‘You should exercise more, eat healthily, and go to sleep earlier.’ Anyone else want to hide under the duvet when you hear this advice?
It’s not that we don’t champion these things at The Self-Esteem Team, but we understand that struggling with confidence can feel like a relentless merry-go-round you can’t get off of, and the idea of a treadmill, a salad or an early night is forever out of reach.

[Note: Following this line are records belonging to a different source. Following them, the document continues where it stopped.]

lemma log_sobolev_inequality_nn:
  fixes u :: "'a::euclidean_space \<Rightarrow> real" and s B :: real
  defines "L \<equiv> ln B + log_sobolev_const (unit_ball_vol DIM('a)) (2 * s / DIM('a))"
  assumes u [measurable]: "u \<in> borel_measurable lebesgue" and s: "s > 0" and B: "B > 0"
    and u_norm: "(\<integral>\<^sup>+ y. ennreal ((u y)^2) \<partial>lebesgue) = ennreal B"
  shows "(\<integral>\<^sup>+ x. ennreal ((u x)^2 * ln ((u x)^2)) \<partial>lebesgue) + ennreal (B * max 0 (- L))
           \<le> gagliardo s u + ennreal (B * max 0 L)
             + (\<integral>\<^sup>+ x. ennreal (- ((u x)^2 * ln ((u x)^2))) \<partial>lebesgue)"
proof -
  have mass: "(\<integral>\<^sup>+ x. ennreal ((u x)^2 * max 0 c) \<partial>lebesgue) = ennreal (B * max 0 c)" for c
    using nn_integral_square_mult_const[OF u _ _ u_norm] B by simp
  have [measurable]: "gagliardo_density s u \<in> borel_measurable lebesgue"
    by (rule borel_measurable_gagliardo_density[OF u])
  have "(\<integral>\<^sup>+ x. ennreal ((u x)^2 * ln ((u x)^2)) \<partial>lebesgue) + ennreal (B * max 0 (- L))
      = (\<integral>\<^sup>+ x. ennreal ((u x)^2 * ln ((u x)^2)) + ennreal ((u x)^2 * max 0 (- L)) \<partial>lebesgue)"
    by (subst nn_integral_add) (auto simp: mass)
  also have "\<dots> \<le> (\<integral>\<^sup>+ x. gagliardo_density s u x + ennreal ((u x)^2 * max 0 L)
                             + ennreal (- ((u x)^2 * ln ((u x)^2))) \<partial>lebesgue)"
    unfolding L_def by (intro nn_integral_mono square_ln_square_le_gagliardo_density[OF u s B u_norm])
  also have "\<dots> = gagliardo s u + ennreal (B * max 0 L)
                   + (\<integral>\<^sup>+ x. ennreal (- ((u x)^2 * ln ((u x)^2))) \<partial>lebesgue)"
    by (simp add: nn_integral_add gagliardo_eq_nn_integral_density mass)
  finally show ?thesis .
qed

lemma integrable_square_ln_square:
  fixes u :: "'a::euclidean_space \<Rightarrow> real"
  assumes u: "u \<in> borel_measurable lebesgue" and s: "s > 0" and B: "B > 0"
    and u_norm: "(\<integral>\<^sup>+ y. ennreal ((u y)^2) \<partial>lebesgue) = ennreal B"
    and "gagliardo s u < \<infinity>"
    and "(\<integral>\<^sup>+ x. ennreal (- ((u x)^2 * ln ((u x)^2))) \<partial>lebesgue) < \<infinity>"
  shows "integrable lebesgue (\<lambda>x. (u x)^2 * ln ((u x)^2))"
proof -
  let ?L = "ln B + log_sobolev_const (unit_ball_vol DIM('a)) (2 * s / DIM('a))"
  have "(\<integral>\<^sup>+ x. ennreal ((u x)^2 * ln ((u x)^2)) \<partial>lebesgue)
          \<le> (\<integral>\<^sup>+ x. ennreal ((u x)^2 * ln ((u x)^2)) \<partial>lebesgue) + ennreal (B * max 0 (- ?L))"
    by simp
  also have "\<dots> \<le> gagliardo s u + ennreal (B * max 0 ?L)
                   + (\<integral>\<^sup>+ x. ennreal (- ((u x)^2 * ln ((u x)^2))) \<partial>lebesgue)"
    by (rule log_sobolev_inequality_nn[OF u s B u_norm])
  also have "\<dots> < \<infinity>"
    using assms(5,6) by (simp add: less_top)
  finally have "(\<integral>\<^sup>+ x. ennreal ((u x)^2 * ln ((u x)^2)) \<partial>lebesgue) < \<infinity>" .
  then show ?thesis
    using u assms(6) by (simp add: real_integrable_def less_top)
qed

So, we’ve come up with 5 tips that you can do from the comfort of your own bed to boost self-esteem. And most importantly, they are all FREE, because despite what adverts or celebs might try to flog you online, you don’t need to part with your cash to feel good about yourself.
1) Put pen to paper
Whether you’re the next J.K. Rowling or can barely draw a stickman, getting your thoughts from inside to outside is a simple yet effective tool. It not only helps thoughts exist in a space other than your head, but also allows you to look at problems objectively and think ‘how would I advise a mate going through that?’ – then apply that advice to yourself. You can also try writing down worries before you go to sleep at night and leaving those pieces of paper in another room or even ripping them up and chucking them away, as this will allow you to distance yourself from the issues. If writing your own words doesn’t feel right, try jotting down lyrics to the songs you feel you relate to most on post-it notes and stick them round your room, these DIY posters can help be a voice to what’s going on internally. Or if words aren’t your thing, try painting, sketching or doodling.
2) Learn to say no
This applies to boundaries in every context, whether sexual consent, a mate blagging too many favours, or someone asking you something you’re not comfortable with. Always remember, ’No’ is a complete sentence and doesn’t require justification. Sure, it is human nature to be a people-pleaser, we’re all guilty of doing things we don’t always want to do so that we can avoid conflict or get approval from others, though practicing saying no out loud will empower you to say it when the time comes for real. Learning to assert yourself in tricky situations will always put you back in the driving seat when under pressure to do something you don’t want.
3) The F Word
Failure. Failure. Failure. It’s a word we avoid like the plague. We put so much weight on failure being something negative and embarrassing, that we forget to see its power in teaching us new things. This means, when we fail as individuals, we feel isolated and like we’re the only person it happens to. Yet we will ALL fail at sometime in our life, because it’s human nature – whether it’s an exam, the person we fancy not fancying us back, not getting into uni or not getting the job we want. This doesn’t mean that there aren’t other options for us though, such as resits, entrepreneurial paths, other people, other unis and other jobs. Sometimes it just means changing direction to see what else is out there for us. If we accept that failure is a reality of life, then we can work with it rather than against it. And always know, if you happen to fail, you are not dumb, you’re just learning.
4) Empower with knowledge
Ever had anxiety so bad it feels like your heart is about to burst out your chest? Or ever feel so blue you can’t bear the thought of being around other people? Or perhaps you find your mood yo-yos 1000 times a day and don’t know why? If you learn about why these things happen, it means that when they do, it doesn’t feel so alien when you know what’s going on inside. If, for example, you read up on what panic attacks are, and that they are caused by hyperventilation from breathing out too much carbon dioxide while breathing too fast or too shallow, all of a sudden it paints a picture of why they happen. This can make them a lot less scary and overwhelming should they happen again, knowing it is the body’s physical response to feeling panicked, and that you are safe and can pull through it.
5) Talk to your folks
We ran a campaign called #TeenMe a while back and asked people what they would tell the younger version of themselves given the chance. One of the top comments was ’talk to mum and dad’. When we’re young parents feel so old and distant from us, though think of it this way, if you had a kid and they were struggling, do you think you’d want to know how they were doing so you could help them and they didn’t have to go it alone? If face-to-face is too tricky, try writing them a letter and sliding it under their door, that way you get to draft it as many times as you like so it’s just right. For those with strict parents, or folks who just don’t seem to be on your wavelength, letters are good to avoid a screaming match and to help you de-scramble the words on paper that might not verbally come out the right way.
Good luck, rooting for you. YOU GOT THIS!